**REQUIRED ACTION:**
The answer must be one number: the count of lines in the data below that include "moreover".

**INPUT DATA:**
lemma arcs_cover:
  assumes "i \<in> {1..N}"
  shows "\<exists>t\<in>T. i \<in> arc t"
proof -
  obtain t where t: "t \<in> T" "\<forall>s\<in>T. cdist N (p t) i \<le> cdist N (p s) i"
    using nearest_point_exists by blast
  then have "cdist N (p t) i < gap t"
    using nearest_point_iff[OF t(1)] by blast
  then show ?thesis
    using t(1) assms unfolding arc_def by blast
qed

lemma arcs_disjoint:
  assumes s: "s \<in> T" and t: "t \<in> T" and "s \<noteq> t"
  shows "arc s \<inter> arc t = {}"
proof (rule ccontr)
  assume "arc s \<inter> arc t \<noteq> {}"
  then obtain i where "cdist N (p s) i < gap s" "cdist N (p t) i < gap t"
    unfolding arc_def by blast
  then have "cdist N (p s) i \<le> cdist N (p t) i" "cdist N (p t) i \<le> cdist N (p s) i"
    using nearest_point_iff[OF s] nearest_point_iff[OF t] s t by blast+
  then have "p s mod N = p t mod N"
    using cdist_eq_cdist_iff_left[OF modulus_pos] by (metis order.antisym)
  then show False
    using inj_on_residues s t \<open>s \<noteq> t\<close> unfolding inj_on_def by blast
qed

lemma card_arc: "t \<in> T \<Longrightarrow> int (card (arc t)) = gap t"
proof -
  assume t: "t \<in> T"
  have "card (arc t) = card {v \<in> {0..<N}. v < gap t}"
    unfolding arc_def by (rule card_filter_cdist[OF modulus_pos])
  also have "{v \<in> {0..<N}. v < gap t} = {0..<gap t}"
    using gap_less[OF t] by auto
  finally show ?thesis
    using gap_pos[OF t] by simp
qed

lemma arc_subset: "arc t \<subseteq> {1..N}"
  unfolding arc_def by auto
definition fexp_setting :: "(real \<Rightarrow> real) \<Rightarrow> nat \<Rightarrow> (nat \<Rightarrow> real) \<Rightarrow> (nat \<Rightarrow> real) \<Rightarrow> bool" where
  "fexp_setting f g a b \<longleftrightarrow>
     g \<ge> 2 \<and>
     f ` {0..<1} \<subseteq> {0..<1} \<and>
     (\<forall>i<g. a i < b i) \<and>
     (\<forall>i<g. \<forall>j<g. i \<noteq> j \<longrightarrow> {a i..<b i} \<inter> {a j..<b j} = {}) \<and>
     (\<Union>i<g. {a i..<b i}) = {0..<1} \<and>
     (\<forall>i<g. mono_on {a i..<b i} f \<or> antimono_on {a i..<b i} f) \<and>
     (\<forall>i<g. f ` {a i..<b i} = {0..<1}) \<and>
     (\<forall>i<g. \<forall>x\<in>{a i..<b i}. \<forall>y\<in>{a i..<b i}. \<bar>f x - f y\<bar> \<ge> \<bar>x - y\<bar>) \<and>
     (\<forall>xs :: nat \<Rightarrow> nat. (\<forall>i. xs i < g) \<longrightarrow>
        (\<lambda>n. clen (cyl f a b (map xs [0..<n]))) \<longlonglongrightarrow> 0)"

definition bounded_distortion :: "(real \<Rightarrow> real) \<Rightarrow> nat \<Rightarrow> (nat \<Rightarrow> real) \<Rightarrow> (nat \<Rightarrow> real) \<Rightarrow> real \<Rightarrow> bool" where
  "bounded_distortion f g a b K \<longleftrightarrow> K > 0 \<and>
     (\<forall>w. word g w \<longrightarrow>
        (\<exists>D :: real \<Rightarrow> real.
           (\<forall>y\<in>cyl f a b w. ((f ^^ length w) has_real_derivative D y) (at y within cyl f a b w)) \<and>
           (\<forall>y\<in>cyl f a b w. \<forall>z\<in>cyl f a b w. \<bar>D y\<bar> / \<bar>D z\<bar> < K)))"

text \<open>The i-th digit (0-indexed) of the f-expansion of x: x_{i+1} in the paper.\<close>
definition digit :: "(real \<Rightarrow> real) \<Rightarrow> nat \<Rightarrow> (nat \<Rightarrow> real) \<Rightarrow> (nat \<Rightarrow> real) \<Rightarrow> real \<Rightarrow> nat \<Rightarrow> nat" where
  "digit f g a b x i = (THE j. j < g \<and> (f ^^ i) x \<in> {a j..<b j})"
lemma gk_term_le_Pk_errors:
  assumes "t (m - 1) < t m"
  shows "ennreal (mstep t m powr (1 - (2 * s - 1))) * L2L2sq {t (m - 1)<..t m} \<Omega> (\<lambda>_. gk t y m)
     \<le> ennreal (2 * mstep t m powr (1 - 2 * s)) * (Pk_error t \<Omega> y m + Pk_error t \<Omega> y (m - 1))"
proof -
  define k where "k = mstep t m"
  define E where "E = Pk_error t \<Omega> y m + Pk_error t \<Omega> y (m - 1)"
  have k: "0 < k" using assms by (simp add: k_def mstep_def)
  have "gk t y m = (\<lambda>x. ((Pk t y m x - y (t m) x) - (Pk t y (m - 1) x - y (t (m - 1)) x)) / k)"
    unfolding gk_def k_def by (simp add: fun_eq_iff diff_divide_distrib)
  then have "L2sq \<Omega> (gk t y m)
      = ennreal (1 / k^2) * L2sq \<Omega> (\<lambda>x. (Pk t y m x - y (t m) x) - (Pk t y (m - 1) x - y (t (m - 1)) x))"
    by (simp only:) (rule L2sq_divide; measurable)
  also have "\<dots> \<le> ennreal (1 / k^2) * (2 * E)"
  proof (rule mult_left_mono)
    show "L2sq \<Omega> (\<lambda>x. (Pk t y m x - y (t m) x) - (Pk t y (m - 1) x - y (t (m - 1)) x)) \<le> 2 * E"
      unfolding E_def Pk_error_def distrib_left by (rule L2sq_diff_le) measurable
  qed simp
  also have "ennreal (1 / k^2) * (2 * E) = ennreal (2 / k^2) * E"
  proof -
    have "ennreal (1 / k^2 * 2) = ennreal (1 / k^2) * ennreal 2" by (rule ennreal_mult) auto
    then show ?thesis by (simp add: mult.assoc)
  qed
  finally have "ennreal (k powr (1 - (2 * s - 1))) * L2L2sq {t (m - 1)<..t m} \<Omega> (\<lambda>_. gk t y m)
      \<le> ennreal (k powr (1 - (2 * s - 1))) * (ennreal (2 / k^2) * E * ennreal k)"
    using assms unfolding L2L2sq_const[OF less_imp_le[OF assms]] k_def[symmetric] mstep_def[symmetric]
    by (intro mult_left_mono mult_right_mono) auto
  also have "\<dots> = ennreal (k powr (1 - (2 * s - 1)) * (2 / k^2) * k) * E"
    using k by (simp add: ennreal_mult[symmetric] mult_ac)
  also have "k powr (1 - (2 * s - 1)) * (2 / k^2) * k = 2 * k powr (1 - 2 * s)"
  proof -
    have "k powr (1 - (2 * s - 1)) = k powr (1 - 2 * s) * k powr 1" by (subst powr_add[symmetric]) simp
    then have "k powr (1 - (2 * s - 1)) = k powr (1 - 2 * s) * k" using k by simp
    then show ?thesis using k by (simp add: power2_eq_square field_simps)
  qed
  finally show ?thesis unfolding k_def E_def .
qed

lemma gk_weighted_sum_le:
  assumes tm: "time_mesh T M t \<kappa>" and s: "1/2 < s" "s \<le> 1" and c: "0 \<le> c"
    and err: "\<And>m. m \<in> {1..M} \<Longrightarrow> Pk_error t \<Omega> y m \<le> ennreal (c * mstep t m powr (2 * s - 1)) * G m"
  shows "gk_weighted_sum s t \<Omega> y M \<le> ennreal (2 * c * (1 + \<bar>\<kappa>\<bar>)) * (\<Sum>m\<in>{1..M}. G m)"
proof -
  have "gk_weighted_sum s t \<Omega> y M
      \<le> (\<Sum>m\<in>{1..M}. ennreal (2 * mstep t m powr (1 - 2 * s)) * (Pk_error t \<Omega> y m + Pk_error t \<Omega> y (m - 1)))"
    unfolding gk_weighted_sum_def by (intro sum_mono gk_term_le_Pk_errors time_mesh_less[OF tm])
  also have "\<dots> \<le> ennreal (2 * c * (1 + \<bar>\<kappa>\<bar>)) * (\<Sum>m\<in>{1..M}. G m)"
    using time_mesh_less[OF tm] time_mesh_step_ratio[OF tm]
    by (intro sum_weighted_errors_le[where E = "Pk_error t \<Omega> y"] Pk_error_0 err c s) (auto simp: mstep_def)
  finally show ?thesis .
qed

lemma Pk_error_le_gagliardo:
  assumes tm: "time_mesh T M t \<kappa>" and m: "m \<in> {1..M}" and s: "1/2 < s"
    and y_fin: "L2L2sq {0<..<T} \<Omega> y < \<infinity>"
    and pt_fin: "\<forall>\<tau>\<in>{0..T}. L2sq \<Omega> (y \<tau>) < \<infinity>"
    and cont: "\<forall>\<tau>0\<in>{0..T}. ((\<lambda>\<tau>. enn2real (L2sq \<Omega> (\<lambda>x. y \<tau> x - y \<tau>0 x))) \<longlongrightarrow> 0) (at \<tau>0 within {0..T})"
  shows "Pk_error t \<Omega> y m
    \<le> ennreal (dyadic_const s * mstep t m powr (2 * s - 1)) * gagliardo_sq s {t (m - 1)..t m} \<Omega> y"
proof -
  have a: "0 \<le> t (m - 1)" and ab: "t (m - 1) < t m" and b: "t m \<le> T"
    using time_mesh_range[OF tm] time_mesh_less[OF tm m] m by auto
  have near: "\<exists>\<delta>>0. \<forall>\<tau>\<in>{t (m - 1)..t m}. dist \<tau> (t m) < \<delta> \<longrightarrow> L2sq \<Omega> (\<lambda>x. y \<tau> x - y (t m) x) \<le> ennreal \<epsilon>"
    if "0 < \<epsilon>" for \<epsilon>
  proof -
    have "\<exists>\<delta>>0. \<forall>\<tau>\<in>{0..T}. dist \<tau> (t m) < \<delta> \<longrightarrow> L2sq \<Omega> (\<lambda>x. y \<tau> x - y (t m) x) \<le> ennreal \<epsilon>"
    proof (rule ennreal_le_near_of_tendsto_enn2real[where \<phi> = "\<lambda>\<tau>. L2sq \<Omega> (\<lambda>x. y \<tau> x - y (t m) x)"])
      show "\<forall>\<tau>\<in>{0..T}. L2sq \<Omega> (\<lambda>x. y \<tau> x - y (t m) x) < \<infinity>"
      proof
        fix \<tau> assume "\<tau> \<in> {0..T}"
        then show "L2sq \<Omega> (\<lambda>x. y \<tau> x - y (t m) x) < \<infinity>"
          using pt_fin a ab b by (intro L2sq_diff_finite) auto
      qed
    qed (use cont a ab b that in \<open>auto simp: L2sq_def\<close>)
    then obtain \<delta> where "\<delta> > 0"
      and "\<forall>\<tau>\<in>{0..T}. dist \<tau> (t m) < \<delta> \<longrightarrow> L2sq \<Omega> (\<lambda>x. y \<tau> x - y (t m) x) \<le> ennreal \<epsilon>"
      by blast
    then show ?thesis using a b by (intro exI[of _ \<delta>]) auto
  qed
  have good: "AE x in lborel. x \<in> \<Omega> \<longrightarrow> set_integrable lborel {t (m - 1)..t m} (\<lambda>\<tau>. y \<tau> x)"
    using a ab b by (intro AE_set_integrable_Icc_of_L2L2sq[OF y_measurable \<Omega>_measurable y_fin]) auto
  have "m \<noteq> 0" using m by simp
  show ?thesis
    unfolding Pk_error_def mstep_def Pk_eq_interval_avg[OF \<open>m \<noteq> 0\<close>]
    by (rule L2sq_avg_minus_endpoint_le_gagliardo[OF ab s good near])
qed

lemma gk_weighted_sum_le_Hs_sq_fractional:
  assumes tm: "time_mesh T M t \<kappa>" and s: "1/2 < s" "s < 1"
    and pt_fin: "\<forall>\<tau>\<in>{0..T}. L2sq \<Omega> (y \<tau>) < \<infinity>"
    and cont: "\<forall>\<tau>0\<in>{0..T}. ((\<lambda>\<tau>. enn2real (L2sq \<Omega> (\<lambda>x. y \<tau> x - y \<tau>0 x))) \<longlongrightarrow> 0) (at \<tau>0 within {0..T})"
    and H_fin: "Hs_sq s T \<Omega> y < \<infinity>"
  shows "gk_weighted_sum s t \<Omega> y M \<le> ennreal (2 * dyadic_const s * (1 + \<bar>\<kappa>\<bar>)) * Hs_sq s T \<Omega> y"
proof -
  have y_fin: "L2L2sq {0<..<T} \<Omega> y < \<infinity>"
    using H_fin s unfolding Hs_sq_def by simp
  have "gk_weighted_sum s t \<Omega> y M
      \<le> ennreal (2 * dyadic_const s * (1 + \<bar>\<kappa>\<bar>)) * (\<Sum>m\<in>{1..M}. gagliardo_sq s {t (m - 1)..t m} \<Omega> y)"
    using s by (intro gk_weighted_sum_le[OF tm] Pk_error_le_gagliardo[OF tm _ s(1) y_fin pt_fin cont])
      (auto simp: dyadic_const_def)
  also have "\<dots> \<le> ennreal (2 * dyadic_const s * (1 + \<bar>\<kappa>\<bar>)) * gagliardo_sq s {0<..<T} \<Omega> y"
    by (intro mult_left_mono sum_gagliardo_sq_time_mesh_le[OF tm]) simp
  also have "\<dots> \<le> ennreal (2 * dyadic_const s * (1 + \<bar>\<kappa>\<bar>)) * Hs_sq s T \<Omega> y"
    unfolding Hs_sq_def using s by (intro mult_left_mono add_increasing2) auto
  finally show ?thesis .
qed
lemma grid_path_aligned:
  assumes cp: "continuous_on {0..1} p" and p0: "p 0 = x" and p1: "p 1 = x'"
    and mono: "\<And>t t'. 0 \<le> t \<Longrightarrow> t \<le> t' \<Longrightarrow> t' \<le> 1 \<Longrightarrow> x \<le> p t \<and> p t \<le> p t' \<and> p t' \<le> x'"
    and R: "same_grid_interval \<delta> x z" "same_grid_interval \<delta> x' z'" and z: "z \<le> z'"
  obtains q where "continuous_on {0..1} q" "q 0 = z" "q 1 = z'"
    "\<forall>t\<in>{0..1}. same_grid_interval \<delta> (p (ramp t)) (q t)"
    "\<forall>t t'. 0 \<le> t \<longrightarrow> t \<le> t' \<longrightarrow> t' \<le> 1 \<longrightarrow> z \<le> q t \<and> q t \<le> q t' \<and> q t' \<le> z'"
proof -
  define c where "c t = max z (min z' (p (ramp t)))" for t
  define q where "q t = squeeze z z' (c t) t" for t
  have c_range: "z \<le> c t" "c t \<le> z'" for t using z by (auto simp: c_def)
  have w: "x \<le> p (ramp t) \<and> p (ramp t) \<le> x'" for t using mono[of "ramp t" "ramp t"] ramp_range[of t] by auto
  have "continuous_on {0..1} q" unfolding q_def c_def squeeze_def
    by (intro continuous_intros continuous_on_compose_ramp cp)
  moreover have "q 0 = z" "q 1 = z'" using c_range[of 0] c_range[of 1] by (simp_all add: q_def squeeze_def)
  moreover have "z \<le> q t \<and> q t \<le> q t' \<and> q t' \<le> z'" if t: "0 \<le> t" "t \<le> t'" "t' \<le> 1" for t t'
  proof -
    have "p (ramp t) \<le> p (ramp t')" using mono[of "ramp t" "ramp t'"] ramp_mono[OF t(2)] ramp_range by auto
    then have "c t \<le> c t'" by (auto simp: c_def)
    then show ?thesis unfolding q_def using squeeze_mono c_range t by blast
  qed
  moreover have "same_grid_interval \<delta> (p (ramp t)) (q t)" if t: "0 \<le> t" "t \<le> 1" for t
  proof -
    consider "t \<le> 1/3" | "2/3 \<le> t" | "1/3 \<le> t" "t \<le> 2/3" by linarith
    then show ?thesis
    proof cases
      case 1
      then have "ramp t = 0" by (simp add: ramp_def)
      moreover have "z \<le> q t \<and> q t \<le> c t" unfolding q_def using squeeze_early c_range t 1 by blast
      ultimately have "min x z \<le> q t" "q t \<le> max x z" using p0 by (auto simp: c_def)
      then show ?thesis using same_grid_interval_towards[OF R(1)] \<open>ramp t = 0\<close> p0 by simp
    next
      case 2
      then have "ramp t = 1" by (simp add: ramp_def)
      moreover have "c t \<le> q t \<and> q t \<le> z'" unfolding q_def using squeeze_late c_range t 2 by blast
      ultimately have "min x' z' \<le> q t" "q t \<le> max x' z'" using p1 by (auto simp: c_def)
      then show ?thesis using same_grid_interval_towards[OF R(2)] \<open>ramp t = 1\<close> p1 by simp
    next
      case 3
      then have "q t = c t" unfolding q_def using squeeze_middle c_range by blast
      then show ?thesis using same_grid_interval_clamp[OF R _ _ z] w[of t] by (simp add: c_def)
    qed
  qed
  ultimately show ?thesis using that by (simp only: Ball_def atLeastAtMost_iff) blast
qed
lemma abs_centered_cross_sum_le:
  fixes S :: "(nat \<Rightarrow> real) set" and p V W :: "(nat \<Rightarrow> real) \<Rightarrow> real"
  assumes S: "finite S" and p_nonneg: "\<And>\<sigma>. \<sigma> \<in> S \<Longrightarrow> 0 \<le> p \<sigma>"
    and p_sum: "(\<Sum>\<sigma>\<in>S. p \<sigma>) = 1"
  shows "\<bar>\<Sum>j<N. (\<Sum>\<sigma>\<in>S. (\<sigma> j - (\<Sum>\<rho>\<in>S. \<rho> j * p \<rho>)) * V \<sigma> * p \<sigma>) * (\<Sum>\<tau>\<in>S. W \<tau> * \<tau> j * p \<tau>)\<bar>
     \<le> real N * sqrt ((\<Sum>\<sigma>\<in>S. (V \<sigma>)\<^sup>2 * p \<sigma>) * (\<Sum>\<tau>\<in>S. (W \<tau>)\<^sup>2 * p \<tau>))
        * sqrt (sqrt (\<Sum>\<sigma>\<in>S. \<Sum>\<tau>\<in>S. (overlap N \<sigma> \<tau> - q) ^ 4 * p \<sigma> * p \<tau>))"
proof -
  define X where "X \<sigma> \<tau> = overlap N \<sigma> \<tau> - (\<Sum>\<rho>\<in>S. overlap N \<rho> \<tau> * p \<rho>)" for \<sigma> \<tau>
  define T where "T = (\<Sum>\<sigma>\<in>S. \<Sum>\<tau>\<in>S. (V \<sigma> * W \<tau>) * X \<sigma> \<tau> * p \<sigma> * p \<tau>)"
  define A where "A = (\<Sum>\<sigma>\<in>S. (V \<sigma>)\<^sup>2 * p \<sigma>) * (\<Sum>\<tau>\<in>S. (W \<tau>)\<^sup>2 * p \<tau>)"
  define Y where "Y = (\<Sum>\<sigma>\<in>S. \<Sum>\<tau>\<in>S. (overlap N \<sigma> \<tau> - q) ^ 4 * p \<sigma> * p \<tau>)"
  have A_eq: "(\<Sum>\<sigma>\<in>S. \<Sum>\<tau>\<in>S. (V \<sigma> * W \<tau>)\<^sup>2 * p \<sigma> * p \<tau>) = A"
    by (simp add: A_def sum_product power_mult_distrib mult_ac)
  have "T\<^sup>2 \<le> A * (\<Sum>\<sigma>\<in>S. \<Sum>\<tau>\<in>S. (X \<sigma> \<tau>)\<^sup>2 * p \<sigma> * p \<tau>)"
    unfolding T_def A_eq[symmetric] by (rule double_weighted_Cauchy_Schwarz[OF S p_nonneg])
  also have "\<dots> \<le> A * sqrt Y"
  proof (rule mult_left_mono)
    show "(\<Sum>\<sigma>\<in>S. \<Sum>\<tau>\<in>S. (X \<sigma> \<tau>)\<^sup>2 * p \<sigma> * p \<tau>) \<le> sqrt Y"
      unfolding X_def Y_def
      using double_weighted_variance_le[OF S p_nonneg p_sum, where x="overlap N" and c=q]
        double_weighted_square_le_sqrt_fourth[OF S p_nonneg p_sum,
          where x="\<lambda>\<sigma> \<tau>. overlap N \<sigma> \<tau> - q"]
      by (rule order_trans)
    show "0 \<le> A"
      using p_nonneg by (simp add: A_def sum_nonneg)
  qed
  finally have "\<bar>T\<bar> \<le> sqrt A * sqrt (sqrt Y)"
    by (metis real_sqrt_abs real_sqrt_le_mono real_sqrt_mult)
  moreover have "(\<Sum>j<N. (\<Sum>\<sigma>\<in>S. (\<sigma> j - (\<Sum>\<rho>\<in>S. \<rho> j * p \<rho>)) * V \<sigma> * p \<sigma>) * (\<Sum>\<tau>\<in>S. W \<tau> * \<tau> j * p \<tau>))
      = real N * T"
    unfolding centered_cross_sum_eq T_def X_def by (simp add: mult.assoc)
  ultimately show ?thesis
    by (simp add: A_def Y_def abs_mult mult.assoc mult_left_mono)
qed

lemma integrable_mult_square_integrable:
  fixes f g :: "'a \<Rightarrow> real"
  assumes [measurable]: "f \<in> borel_measurable M" "g \<in> borel_measurable M"
    and "integrable M (\<lambda>x. (f x)\<^sup>2)" and "integrable M (\<lambda>x. (g x)\<^sup>2)"
  shows "integrable M (\<lambda>x. f x * g x)"
proof (rule Bochner_Integration.integrable_bound)
  show "integrable M (\<lambda>x. (f x)\<^sup>2 + (g x)\<^sup>2)"
    using assms(3,4) by (rule Bochner_Integration.integrable_add)
  have "\<bar>f x\<bar> * \<bar>g x\<bar> \<le> (f x)\<^sup>2 + (g x)\<^sup>2" for x
  proof -
    have "0 \<le> \<bar>f x\<bar> * \<bar>g x\<bar>" by simp
    moreover have "2 * \<bar>f x\<bar> * \<bar>g x\<bar> \<le> (f x)\<^sup>2 + (g x)\<^sup>2"
      using sum_squares_bound[of "\<bar>f x\<bar>" "\<bar>g x\<bar>"] by simp
    ultimately show ?thesis by linarith
  qed
  then show "AE x in M. norm (f x * g x) \<le> norm ((f x)\<^sup>2 + (g x)\<^sup>2)"
    by (simp add: abs_mult)
qed simp

lemma Cauchy_Schwarz_integral:
  fixes f g :: "'a \<Rightarrow> real"
  assumes [measurable]: "f \<in> borel_measurable M" "g \<in> borel_measurable M"
    and f_sq: "integrable M (\<lambda>x. (f x)\<^sup>2)" and g_sq: "integrable M (\<lambda>x. (g x)\<^sup>2)"
  shows "(\<integral>x. f x * g x \<partial>M) \<le> sqrt (\<integral>x. (f x)\<^sup>2 \<partial>M) * sqrt (\<integral>x. (g x)\<^sup>2 \<partial>M)"
proof -
  have fg: "integrable M (\<lambda>x. \<bar>f x * g x\<bar>)"
    using integrable_mult_square_integrable[OF assms] by simp
  have nn: "(\<integral>\<^sup>+x. ennreal (h x) \<partial>M) = ennreal (\<integral>x. h x \<partial>M)"
    if "integrable M h" "\<And>x. 0 \<le> h x" for h :: "'a \<Rightarrow> real"
    using that by (intro nn_integral_eq_integral) auto
  have "(\<integral>\<^sup>+x. ennreal \<bar>f x * g x\<bar> \<partial>M)\<^sup>2
      \<le> (\<integral>\<^sup>+x. ennreal ((f x)\<^sup>2) \<partial>M) * (\<integral>\<^sup>+x. ennreal ((g x)\<^sup>2) \<partial>M)"
    using Cauchy_Schwarz_nn_integral[of "\<lambda>x. ennreal \<bar>f x\<bar>" M "\<lambda>x. ennreal \<bar>g x\<bar>"]
    by (simp add: abs_mult ennreal_power flip: ennreal_mult)
  then have "ennreal ((\<integral>x. \<bar>f x * g x\<bar> \<partial>M)\<^sup>2)
      \<le> ennreal ((\<integral>x. (f x)\<^sup>2 \<partial>M) * (\<integral>x. (g x)\<^sup>2 \<partial>M))"
    unfolding nn[OF fg abs_ge_zero] nn[OF f_sq zero_le_power2] nn[OF g_sq zero_le_power2]
    by (simp add: ennreal_power integral_nonneg_AE flip: ennreal_mult)
  then have "(\<integral>x. \<bar>f x * g x\<bar> \<partial>M)\<^sup>2 \<le> (\<integral>x. (f x)\<^sup>2 \<partial>M) * (\<integral>x. (g x)\<^sup>2 \<partial>M)"
    by (simp add: integral_nonneg_AE)
  then have "(\<integral>x. \<bar>f x * g x\<bar> \<partial>M) \<le> sqrt (\<integral>x. (f x)\<^sup>2 \<partial>M) * sqrt (\<integral>x. (g x)\<^sup>2 \<partial>M)"
    by (simp add: real_le_rsqrt flip: real_sqrt_mult)
  moreover have "(\<integral>x. f x * g x \<partial>M) \<le> (\<integral>x. \<bar>f x * g x\<bar> \<partial>M)"
    using fg by (intro integral_mono') auto
  ultimately show ?thesis by linarith
qed

lemma (in prob_space) integral_sqrt_le_sqrt_integral:
  fixes Y :: "'a \<Rightarrow> real"
  assumes Y: "integrable M Y" and Y_nonneg: "\<And>x. 0 \<le> Y x"
  shows "integrable M (\<lambda>x. sqrt (Y x))" and "(\<integral>x. sqrt (Y x) \<partial>M) \<le> sqrt (\<integral>x. Y x \<partial>M)"
proof -
  have [measurable]: "(\<lambda>x. sqrt (Y x)) \<in> borel_measurable M"
    using Y by measurable
  have sq: "integrable M (\<lambda>x. (sqrt (Y x))\<^sup>2)"
    using Y Y_nonneg by simp
  show "integrable M (\<lambda>x. sqrt (Y x))"
    using integrable_mult_square_integrable[of _ M "\<lambda>_. 1", OF _ _ sq] by simp
  show "(\<integral>x. sqrt (Y x) \<partial>M) \<le> sqrt (\<integral>x. Y x \<partial>M)"
    using Cauchy_Schwarz_integral[of _ M "\<lambda>_. 1", OF _ _ sq] Y_nonneg by (simp add: prob_space)
qed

**EXERCISE OUTPUT:**
8